The latest American Airlines employee podcast interviews Holly Hegeman. She talks about how she got involved covering the airline industry, doing consulting for Bob Crandall and doing the airline’s annual report with him.
I’m pretty sure I found Flyertalk.com in 2001 from a link on Holly’s PlaneBusiness website so in some sense I owe the start of my journey — which began reading Thomas Petzinger’s Hard Landing over 20 years ago and by traveling as a newly minted frequent flyer and that was accelerated through my association with Randy Petersen — to Holly.
She talks through American history and the time where it struggled, and concludes that American management today cares about building a better airline. Where I’d quibble is that they seem heavily focused on building a better airline for ConciergeKey members and international premium cabin customers in markets that get bigger planes than 767s.

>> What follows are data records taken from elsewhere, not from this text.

theorem theorem1p2:
  fixes m \<mu> r :: nat and \<xi> :: "nat list"
  assumes "m \<ge> 1"
    and "sorted_wrt (\<ge>) \<xi>"
    and "\<forall>x \<in> set \<xi>. 0 < x \<and> x \<le> m"
    and "int (\<mu> div m) + 1 - int (count_list \<xi> m) \<ge> 0"
  shows
   "let \<mu>1 = \<mu> div m; \<mu>0 = \<mu> mod m; t = count_list \<xi> m;
        k = \<mu>1 + 1 - t;
        \<alpha> = (m - \<mu>0 - 1) # filter (\<lambda>x. x < m) \<xi>;
        L = length \<alpha> - 1;
        F = fps_of_poly (pp (m - \<mu>0 - 1) * prod_list (map pp \<xi>))
              * inverse (fps_of_poly (pp m)) ^ (\<mu>1 + 1) :: rat fps;
        a = fps_nth F r
    in a = of_int (\<Sum>(js, us) \<in> {(js, us). length js = L + 1 \<and> length us = k \<and>
                                        sum_list js + sum_list us = r}.
                 (-1) ^ sum_list js
                 * (\<Prod>i<L + 1. int ((\<alpha> ! i - js ! i) choose (js ! i)))
                 * (\<Prod>\<nu><k. int (Bm m (us ! \<nu>))))
     \<and> a = of_int (\<Sum>(Ms, \<gamma>s) \<in> {(Ms, \<gamma>s). length Ms = L + 1 \<and>
                                        (\<forall>i<L + 1. path_matching (\<alpha> ! i) (Ms ! i)) \<and>
                                        length \<gamma>s = k \<and>
                                        (\<forall>\<gamma> \<in> set \<gamma>s. full_height_walk m \<gamma>) \<and>
                                        sum_list (map card Ms) + sum_list (map (excess m) \<gamma>s) = r}.
                 (-1) ^ sum_list (map card Ms))"
proof -
  define \<mu>1 where "\<mu>1 = \<mu> div m"
  define \<mu>0 where "\<mu>0 = \<mu> mod m"
  define t where "t = count_list \<xi> m"
  define k where "k = \<mu>1 + 1 - t"
  define \<alpha> where "\<alpha> = (m - \<mu>0 - 1) # filter (\<lambda>x. x < m) \<xi>"
  define L where "L = length \<alpha> - 1"
  define F :: "rat fps" where "F = fps_of_poly (pp (m - \<mu>0 - 1) * prod_list (map pp \<xi>))
    * inverse (fps_of_poly (pp m)) ^ (\<mu>1 + 1)"
  have length_\<alpha>: "length \<alpha> = L + 1"
    by (simp add: L_def \<alpha>_def)
  have "prod_list (map (\<lambda>a. fps_of_poly (pp a)) \<alpha>) * inverse (fps_of_poly (pp m)) ^ k = F"
    using assms(3,4) unfolding F_def \<alpha>_def k_def t_def \<mu>1_def
    by (intro fps_pp_quotient_cancel[symmetric]) auto
  note coefficient = fps_nth_pp_prod_inverse_power[where 'a = rat, OF assms(1), of \<alpha> k r,
      unfolded this natpermute_pairs_def length_\<alpha>]
  note count = sum_sign_matching_walk_tuples[OF assms(1), of \<alpha> k r, symmetric,
      unfolded matching_walk_tuples_def natpermute_pairs_def length_\<alpha>]
  show ?thesis
    unfolding Let_def
    using coefficient coefficient[unfolded count]
    unfolding F_def \<mu>1_def \<mu>0_def t_def k_def \<alpha>_def L_def
    by (intro conjI)
qed
lemma normed_space_on_nonneg: "normed_space_on V N \<Longrightarrow> x \<in> V \<Longrightarrow> 0 \<le> N x"
  unfolding normed_space_on_def by blast

lemma normed_space_on_scale: "normed_space_on V N \<Longrightarrow> x \<in> V \<Longrightarrow> N (vscale c x) = \<bar>c\<bar> * N x"
  unfolding normed_space_on_def by blast

lemma normed_space_on_triangle:
  "normed_space_on V N \<Longrightarrow> x \<in> V \<Longrightarrow> y \<in> V \<Longrightarrow> N (vadd x y) \<le> N x + N y"
  unfolding normed_space_on_def by blast

lemma normed_space_on_diff_le:
  assumes V: "normed_space_on V N" and x: "x \<in> V" and y: "y \<in> V"
  shows "N (vdiff x y) \<le> N x + N y"
proof -
  have "vscale (-1) y \<in> V" using normed_space_on_subspace[OF V] y by (rule linear_subspace_scale)
  then have "N (vdiff x y) \<le> N x + N (vscale (-1) y)"
    unfolding vdiff_eq_vadd_vscale using V x by (intro normed_space_on_triangle)
  then show ?thesis using normed_space_on_scale[OF V y, of "-1"] by simp
qed

lemma bounded_linear_functional_add:
  "bounded_linear_functional_on V N g \<Longrightarrow> x \<in> V \<Longrightarrow> y \<in> V \<Longrightarrow> g (vadd x y) = g x + g y"
  unfolding bounded_linear_functional_on_def by blast

lemma bounded_linear_functional_scale:
  "bounded_linear_functional_on V N g \<Longrightarrow> x \<in> V \<Longrightarrow> g (vscale c x) = c * g x"
  unfolding bounded_linear_functional_on_def by blast

lemma bounded_linear_functional_bound:
  assumes "bounded_linear_functional_on V N g"
  obtains C where "\<And>x. x \<in> V \<Longrightarrow> \<bar>g x\<bar> \<le> C * N x"
  using assms unfolding bounded_linear_functional_on_def by blast

lemma bounded_linear_functional_zero:
  assumes "linear_subspace V" "bounded_linear_functional_on V N g"
  shows "g (\<lambda>t. 0) = 0"
  using bounded_linear_functional_scale[OF assms(2) linear_subspace_zero[OF assms(1)], of 0]
  by (simp add: vscale_def)

lemma bounded_linear_functional_diff:
  assumes V: "linear_subspace V" and g: "bounded_linear_functional_on V N g" and "x \<in> V" "y \<in> V"
  shows "g (vdiff x y) = g x - g y"
  using assms linear_subspace_scale[OF V \<open>y \<in> V\<close>, of "-1"]
  by (simp add: vdiff_eq_vadd_vscale bounded_linear_functional_add bounded_linear_functional_scale)

lemma bounded_linear_functional_coordinate:
  assumes "\<And>y. y \<in> V \<Longrightarrow> \<bar>y i\<bar> \<le> N y"
  shows "bounded_linear_functional_on V N (\<lambda>v. v i)"
  unfolding bounded_linear_functional_on_def
  using assms by (auto simp: vadd_def vscale_def intro: exI[of _ 1])

definition truncate :: "'i set \<Rightarrow> ('i \<Rightarrow> real) \<Rightarrow> ('i \<Rightarrow> real)" where
  "truncate S y = (\<lambda>i. if i \<in> S then y i else 0)"

definition coord_vector :: "'i \<Rightarrow> ('i \<Rightarrow> real)" where
  "coord_vector j = (\<lambda>i. if i = j then 1 else 0)"

lemma truncate_empty [simp]: "truncate {} y = (\<lambda>t. 0)"
  by (simp add: truncate_def)

lemma truncate_insert:
  "x \<notin> F \<Longrightarrow> truncate (insert x F) y = vadd (vscale (y x) (coord_vector x)) (truncate F y)"
  by (auto simp: truncate_def vadd_def vscale_def coord_vector_def fun_eq_iff)

lemma vadd_truncate_vdiff: "vadd (truncate S y) (vdiff y (truncate S y)) = y"
  by (simp add: vadd_def vdiff_def truncate_def)

lemma truncate_in_subspace:
  assumes "linear_subspace V" "\<And>j. coord_vector j \<in> V" "finite S"
  shows "truncate S y \<in> V"
  using \<open>finite S\<close>
  by induction
    (simp_all add: truncate_insert assms linear_subspace_zero linear_subspace_add linear_subspace_scale)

Holly’s take that management wants to build a better airline, then is true — from a certain point of view.
I’d argue that these are American’s darkest days, most certainly for the customer. The airline is swimming in profit while expending enormous energy at every turn to make the flying experience worse for the public.
I have always assumed that the Bob Crandall days were the glory days of American Airlines. Can you be more specific about which period of time Holly Hegeman considers to be the dark days?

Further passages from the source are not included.